While we have a HiVee (similar to Whole Foods), we don't shop there, and don't even shop at Walmart, 'cept for a few items. I won't pretend that yhese prices are an "always" thing, but they represent a good balance of what we buy at Aldi's, when they're on sale.
Eggs.. now $.99/doz regularly
Milk.. $1.49/gal
Avacados... $.39 to $.89 this week $.49
Lettuce... $.99
Canned soups now regularly $1.19
Baby carrots... $.49/lb
Bananas $.44/lb... currently $.29/lb
Non brand frosted flakes and honey oats... newly priced $1.19
Chicken thighs or breasts... $.89 to $99/lb.
12 pack no brand cola,,, $2.29 always
Iced Tea mix $1.89 ... makes 3 gallons.
White bread $.89... Whole wheat $1.49
Bagels 6 large $1.69
Dry roasted peanuts $1.89/lb
Ham... Shank $.89/lb, Butt $1.19/lb, spiral $1.49/lb.
Red Potatoes 5lb/ $1.29
Lactose free milk 6 "flavors $2.29/ 1/2 gal.
Butterball turkeys always $1.19/lb.
Mushrooms $.49 to $.69

Just some of the items we buy on a regular basis.

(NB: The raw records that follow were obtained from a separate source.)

(* Let $N=\{1,\ldots,n\}$ and $\mathcal{X}=\{-1,1\}^n$. If $n$ is odd, a deterministic voting rule $\phi:\mathcal{X}\to\{-1,1\}$ is robust and anonymous if and only if it is a simple majority rule. If $n$ is even, no deterministic voting rule is both robust and anonymous.
   Context: A deterministic voting rule $\phi$ is anonymous if $\phi(x)=\phi((x_{\pi(i)})_{i\in N})$ for all $x$ and all permutations $\pi$ of $N$. Responsiveness: $r_i(\phi,p)=p(\{x:\phi(x)=x_i\})$ for $p\in\Delta(\mathcal{X})$ (probability distributions on $\mathcal{X}$). $\phi$ is robust if for every $p\in\Delta(\mathcal{X})$ there is some $i\in N$ with $r_i(\phi,p)>1/2$. A simple majority rule is a rule with $\phi(x)=1$ whenever $\sum_i x_i>0$ and $\phi(x)=-1$ whenever $\sum_ix_i<0$ (for odd $n$ this determines $\phi$ uniquely). *)

theory Defs
  imports "HOL-Probability.Probability"
begin

definition profiles :: "nat \<Rightarrow> (nat \<Rightarrow> int) set" where
  "profiles n = {1..n} \<rightarrow>\<^sub>E {-1, 1}"

definition voting_rule :: "nat \<Rightarrow> ((nat \<Rightarrow> int) \<Rightarrow> int) \<Rightarrow> bool" where
  "voting_rule n \<phi> \<longleftrightarrow> (\<forall>x\<in>profiles n. \<phi> x \<in> {-1, 1})"

definition anonymous :: "nat \<Rightarrow> ((nat \<Rightarrow> int) \<Rightarrow> int) \<Rightarrow> bool" where
  "anonymous n \<phi> \<longleftrightarrow>
     (\<forall>x\<in>profiles n. \<forall>\<pi>. \<pi> permutes {1..n} \<longrightarrow> \<phi> x = \<phi> (\<lambda>i. x (\<pi> i)))"

definition responsiveness ::
    "nat \<Rightarrow> ((nat \<Rightarrow> int) \<Rightarrow> int) \<Rightarrow> (nat \<Rightarrow> int) pmf \<Rightarrow> nat \<Rightarrow> real" where
  "responsiveness n \<phi> p i = measure_pmf.prob p {x \<in> profiles n. \<phi> x = x i}"

definition robust :: "nat \<Rightarrow> ((nat \<Rightarrow> int) \<Rightarrow> int) \<Rightarrow> bool" where
  "robust n \<phi> \<longleftrightarrow>
     (\<forall>p :: (nat \<Rightarrow> int) pmf. set_pmf p \<subseteq> profiles n \<longrightarrow>
        (\<exists>i\<in>{1..n}. responsiveness n \<phi> p i > 1/2))"

definition simple_majority :: "nat \<Rightarrow> ((nat \<Rightarrow> int) \<Rightarrow> int) \<Rightarrow> bool" where
  "simple_majority n \<phi> \<longleftrightarrow>
     (\<forall>x\<in>profiles n. ((\<Sum>i\<in>{1..n}. x i) > 0 \<longrightarrow> \<phi> x = 1) \<and>
                     ((\<Sum>i\<in>{1..n}. x i) < 0 \<longrightarrow> \<phi> x = -1))"

end

theory Submission
  imports Defs
begin

text \<open>
  An anonymous rule's value at x depends only on how many voters vote \<open>\<phi> x\<close>. If some profile
  in which at most n/2 voters vote v yields v, then so do the profiles in which voters
  \<open>1..m\<close>, resp. \<open>m+1..2m\<close>, vote v; under a fair coin between them each voter agrees
  with the outcome with probability at most 1/2, so the rule is not robust. Hence a robust
  anonymous rule always follows a strict majority: impossible at a tie when n is even, and
  exactly simple majority when n is odd. Conversely, for odd n simple majority is anonymous
  and at every profile at least (n+1)/2 voters agree with it, so the responsivenesses sum to
  at least (n+1)/2 and one of them exceeds 1/2.
\<close>

definition vote_count :: "nat \<Rightarrow> (nat \<Rightarrow> int) \<Rightarrow> int \<Rightarrow> nat" where
  "vote_count n x v = card {i \<in> {1..n}. x i = v}"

We figure that we save from 25% to 40% over Walmart and HiVee.

Yeah... so not a really big part of the annual cost of living, but it adds up.

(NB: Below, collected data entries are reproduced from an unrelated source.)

text \<open>Each ball of a Besicovitch family is the only one containing its centre; hence
  any subfamily covering all centres is the whole family, and distinct indices give
  distinct balls.\<close>

lemma besicovitch_family_cover_is_total:
  assumes fam: "besicovitch_family d c r k"
    and sub: "\<F> \<subseteq> (\<lambda>i. cball_d d (c i) (r i)) ` {..<k}"
    and cover: "c ` {..<k} \<subseteq> \<Union>\<F>"
  shows "(\<lambda>i. cball_d d (c i) (r i)) ` {..<k} \<subseteq> \<F>"
proof clarify
  fix i assume i: "i < k"
  then obtain b where b: "b \<in> \<F>" "c i \<in> b" using cover by blast
  then obtain j where j: "j < k" "b = cball_d d (c j) (r j)" using sub by blast
  then have "j = i" using fam b i by (auto simp: besicovitch_family_def)
  then show "cball_d d (c i) (r i) \<in> \<F>" using b j by simp
qed

lemma besicovitch_family_inj:
  assumes dist: "is_distance d" and fam: "besicovitch_family d c r k"
  shows "inj_on (\<lambda>i. cball_d d (c i) (r i)) {..<k}"
proof (rule inj_onI)
  fix i j assume ij: "i \<in> {..<k}" "j \<in> {..<k}"
    and eq: "cball_d d (c i) (r i) = cball_d d (c j) (r j)"
  have "c i \<in> cball_d d (c i) (r i)"
    using distance_self[OF dist] fam ij by (auto simp: besicovitch_family_def cball_d_def less_imp_le)
  then show "i = j" using eq fam ij by (auto simp: besicovitch_family_def)
qed

theorem not_BCP_if_besicovitch_families:
  assumes dist: "is_distance d" and fams: "\<And>k. \<exists>c r. besicovitch_family d c r k"
  shows "\<not> BCP d"
proof
  assume "BCP d"
  then obtain N :: nat where N: "\<forall>A \<B>. bounded_d d A
        \<and> (\<forall>b\<in>\<B>. \<exists>c r. r > 0 \<and> b = cball_d d c r)
        \<and> (\<forall>a\<in>A. \<exists>r>0. cball_d d a r \<in> \<B>)
        \<longrightarrow> (\<exists>\<F>\<subseteq>\<B>. A \<subseteq> \<Union>\<F> \<and>
               (\<forall>p. finite {b\<in>\<F>. p \<in> b} \<and> card {b\<in>\<F>. p \<in> b} \<le> N))"
    unfolding BCP_def by blast
  obtain c r where fam: "besicovitch_family d c r (Suc N)" using fams by blast
  then obtain q where q: "\<And>i. i < Suc N \<Longrightarrow> q \<in> cball_d d (c i) (r i)"
    by (auto simp: besicovitch_family_def)
  define balls where "balls = (\<lambda>i. cball_d d (c i) (r i)) ` {..<Suc N}"
  have radii: "\<forall>b\<in>balls. \<exists>c r. r > 0 \<and> b = cball_d d c r"
    using fam unfolding balls_def besicovitch_family_def by blast
  have centres: "\<forall>x\<in>c ` {..<Suc N}. \<exists>\<rho>>0. cball_d d x \<rho> \<in> balls"
    using fam unfolding balls_def besicovitch_family_def by blast
  obtain \<F> where \<F>: "\<F> \<subseteq> balls" "c ` {..<Suc N} \<subseteq> \<Union>\<F>"
    "finite {b\<in>\<F>. q \<in> b}" "card {b\<in>\<F>. q \<in> b} \<le> N"
    using N[rule_format, of "c ` {..<Suc N}" balls] besicovitch_family_centres_bounded[OF dist fam]
      radii centres by blast
  have "balls \<subseteq> {b\<in>\<F>. q \<in> b}"
    using besicovitch_family_cover_is_total[OF fam] \<F>(1,2) q by (auto simp: balls_def)
  then have "card balls \<le> N" using card_mono[OF \<F>(3)] \<F>(4) by (meson order_trans)
  moreover have "card balls = Suc N"
    using card_image[OF besicovitch_family_inj[OF dist fam]] by (simp add: balls_def)
  ultimately show False by simp
qed

text \<open>Distances between dilates of points of the xz-plane: translating the first point
  to the origin and undoing the larger dilation leaves the point p2 - (s/t) p1 (with the
  z-coordinate scaled by (s/t)^2); the group law has no correction term when y = 0.\<close>

lemma distance_xz_dilates:
  assumes hd: "homogeneous_distance d" and t: "0 < t"
  shows "d (dil s (x1, 0, z1)) (dil t (x2, 0, z2))
           = t * d (0, 0, 0) (x2 - s / t * x1, 0, z2 - (s / t)^2 * z1)"
proof -
  define g where "g = (- (s * x1), 0::real, - (s^2 * z1))"
  define v where "v = (x2 - s / t * x1, 0::real, z2 - (s / t)^2 * z1)"
  have to_origin: "hmult g (dil s (x1, 0, z1)) = dil t (0, 0, 0)"
    by (simp add: g_def hmult_def dil_def)
  have "hmult g (dil t (x2, 0, z2)) = dil t v"
    using t by (simp add: g_def v_def hmult_def dil_def field_simps power2_eq_square)
  then have "d (dil s (x1, 0, z1)) (dil t (x2, 0, z2)) = d (dil t (0, 0, 0)) (dil t v)"
    using hd to_origin unfolding homogeneous_distance_def by metis
  also have "\<dots> = t * d (0, 0, 0) v" using hd t unfolding homogeneous_distance_def by blast
  finally show ?thesis by (simp add: v_def)
qed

I think the biggest difference in where you live goes beyond price to how acceptable the place is. I've tried Aldis, but the ones near me are dirty, gross, the food is often near spoiled or spoiled and most of the meat is frost bitten.. so it may be cheap, but I'm not that desperate to eat it.

I found the same in Chicago until about 2008 when food at Aldis started to improve. While I can go shopping with my parents in Appleton/Green Bay Wi and their Aldis are wonderful and I'd totally shop there all the time if I lived there.